Segment Start: The data

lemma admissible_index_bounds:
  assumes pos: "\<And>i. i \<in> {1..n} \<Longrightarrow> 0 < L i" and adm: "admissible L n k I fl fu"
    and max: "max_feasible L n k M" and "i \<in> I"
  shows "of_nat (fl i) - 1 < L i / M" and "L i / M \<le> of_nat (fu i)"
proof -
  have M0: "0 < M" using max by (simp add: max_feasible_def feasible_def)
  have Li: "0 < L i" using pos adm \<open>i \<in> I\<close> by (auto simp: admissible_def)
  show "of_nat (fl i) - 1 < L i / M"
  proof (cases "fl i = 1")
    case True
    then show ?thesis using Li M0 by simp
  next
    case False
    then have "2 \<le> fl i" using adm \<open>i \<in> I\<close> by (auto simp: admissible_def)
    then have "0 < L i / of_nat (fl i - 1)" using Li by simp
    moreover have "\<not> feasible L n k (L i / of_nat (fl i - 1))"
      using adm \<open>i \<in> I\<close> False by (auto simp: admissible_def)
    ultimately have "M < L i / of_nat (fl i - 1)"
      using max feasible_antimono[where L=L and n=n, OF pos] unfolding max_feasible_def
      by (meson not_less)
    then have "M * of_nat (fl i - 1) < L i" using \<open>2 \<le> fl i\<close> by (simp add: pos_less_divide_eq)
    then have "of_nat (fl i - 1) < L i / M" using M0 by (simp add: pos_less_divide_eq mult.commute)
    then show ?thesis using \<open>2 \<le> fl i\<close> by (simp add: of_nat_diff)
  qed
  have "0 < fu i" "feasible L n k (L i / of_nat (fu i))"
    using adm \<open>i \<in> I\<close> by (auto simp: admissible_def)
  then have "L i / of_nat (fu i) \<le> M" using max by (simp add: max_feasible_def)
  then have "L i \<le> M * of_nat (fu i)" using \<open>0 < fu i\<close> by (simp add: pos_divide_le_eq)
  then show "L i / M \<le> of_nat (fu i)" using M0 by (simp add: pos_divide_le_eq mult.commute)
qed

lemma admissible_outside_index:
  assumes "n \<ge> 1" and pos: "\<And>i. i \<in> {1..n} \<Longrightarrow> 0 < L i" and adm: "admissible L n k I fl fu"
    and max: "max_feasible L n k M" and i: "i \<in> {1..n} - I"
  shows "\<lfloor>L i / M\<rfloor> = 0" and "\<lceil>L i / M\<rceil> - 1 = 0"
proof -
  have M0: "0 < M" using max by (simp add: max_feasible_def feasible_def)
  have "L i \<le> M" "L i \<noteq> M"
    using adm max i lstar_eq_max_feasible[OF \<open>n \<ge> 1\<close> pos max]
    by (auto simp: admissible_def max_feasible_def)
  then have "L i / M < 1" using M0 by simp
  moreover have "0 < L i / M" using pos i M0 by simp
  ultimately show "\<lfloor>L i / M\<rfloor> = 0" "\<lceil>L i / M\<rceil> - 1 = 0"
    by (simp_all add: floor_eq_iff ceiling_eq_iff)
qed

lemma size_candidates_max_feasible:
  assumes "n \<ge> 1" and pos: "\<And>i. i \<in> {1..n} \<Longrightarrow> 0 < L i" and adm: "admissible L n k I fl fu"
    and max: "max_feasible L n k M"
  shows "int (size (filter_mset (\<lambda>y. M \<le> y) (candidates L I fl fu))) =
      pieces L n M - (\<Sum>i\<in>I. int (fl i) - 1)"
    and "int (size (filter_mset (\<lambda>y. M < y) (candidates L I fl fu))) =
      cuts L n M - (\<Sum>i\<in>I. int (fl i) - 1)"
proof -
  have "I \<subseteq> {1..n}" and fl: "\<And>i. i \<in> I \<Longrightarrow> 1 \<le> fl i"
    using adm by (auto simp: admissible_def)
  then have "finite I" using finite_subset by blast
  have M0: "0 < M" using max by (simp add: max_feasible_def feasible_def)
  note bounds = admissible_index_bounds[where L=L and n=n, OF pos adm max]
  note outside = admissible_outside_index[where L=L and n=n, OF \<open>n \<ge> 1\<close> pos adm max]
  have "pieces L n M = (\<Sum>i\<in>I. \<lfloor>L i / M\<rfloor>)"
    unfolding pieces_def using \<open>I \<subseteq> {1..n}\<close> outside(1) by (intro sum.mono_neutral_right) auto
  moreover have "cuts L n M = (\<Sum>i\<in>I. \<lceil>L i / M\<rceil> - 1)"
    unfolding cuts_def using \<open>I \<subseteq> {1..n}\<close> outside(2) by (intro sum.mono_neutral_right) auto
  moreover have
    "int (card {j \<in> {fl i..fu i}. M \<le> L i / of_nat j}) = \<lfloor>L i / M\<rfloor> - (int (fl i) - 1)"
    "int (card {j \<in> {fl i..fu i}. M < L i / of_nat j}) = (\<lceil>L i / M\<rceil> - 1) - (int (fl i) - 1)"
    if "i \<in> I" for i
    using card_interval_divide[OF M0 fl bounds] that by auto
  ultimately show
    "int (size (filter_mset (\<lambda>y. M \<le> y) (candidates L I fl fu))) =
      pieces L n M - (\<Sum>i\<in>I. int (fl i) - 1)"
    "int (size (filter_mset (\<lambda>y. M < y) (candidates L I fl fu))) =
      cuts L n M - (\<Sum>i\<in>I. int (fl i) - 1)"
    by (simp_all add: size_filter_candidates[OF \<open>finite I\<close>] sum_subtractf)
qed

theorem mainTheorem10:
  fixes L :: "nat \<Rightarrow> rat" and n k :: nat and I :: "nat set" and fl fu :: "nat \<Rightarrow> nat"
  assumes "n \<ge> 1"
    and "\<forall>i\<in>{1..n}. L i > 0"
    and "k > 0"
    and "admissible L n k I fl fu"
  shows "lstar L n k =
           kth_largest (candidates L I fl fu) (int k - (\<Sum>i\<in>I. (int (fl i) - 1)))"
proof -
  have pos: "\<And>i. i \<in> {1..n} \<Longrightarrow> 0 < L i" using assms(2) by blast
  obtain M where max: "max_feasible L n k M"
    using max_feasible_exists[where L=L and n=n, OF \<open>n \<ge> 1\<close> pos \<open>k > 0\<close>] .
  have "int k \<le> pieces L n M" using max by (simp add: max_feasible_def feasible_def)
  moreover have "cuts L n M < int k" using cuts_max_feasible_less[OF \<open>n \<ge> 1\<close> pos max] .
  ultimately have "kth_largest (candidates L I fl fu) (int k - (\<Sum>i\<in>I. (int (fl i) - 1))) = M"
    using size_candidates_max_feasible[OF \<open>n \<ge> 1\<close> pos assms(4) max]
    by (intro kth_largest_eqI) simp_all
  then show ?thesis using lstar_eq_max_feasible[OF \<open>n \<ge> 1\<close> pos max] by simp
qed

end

Segment End: The data

Task prompt: Only lines that include "rfloor" belong in the answer; return them from the entries above.

Result:
  shows "\<lfloor>L i / M\<rfloor> = 0" and "\<lceil>L i / M\<rceil> - 1 = 0"
  ultimately show "\<lfloor>L i / M\<rfloor> = 0" "\<lceil>L i / M\<rceil> - 1 = 0"
  have "pieces L n M = (\<Sum>i\<in>I. \<lfloor>L i / M\<rfloor>)"
    "int (card {j \<in> {fl i..fu i}. M \<le> L i / of_nat j}) = \<lfloor>L i / M\<rfloor> - (int (fl i) - 1)"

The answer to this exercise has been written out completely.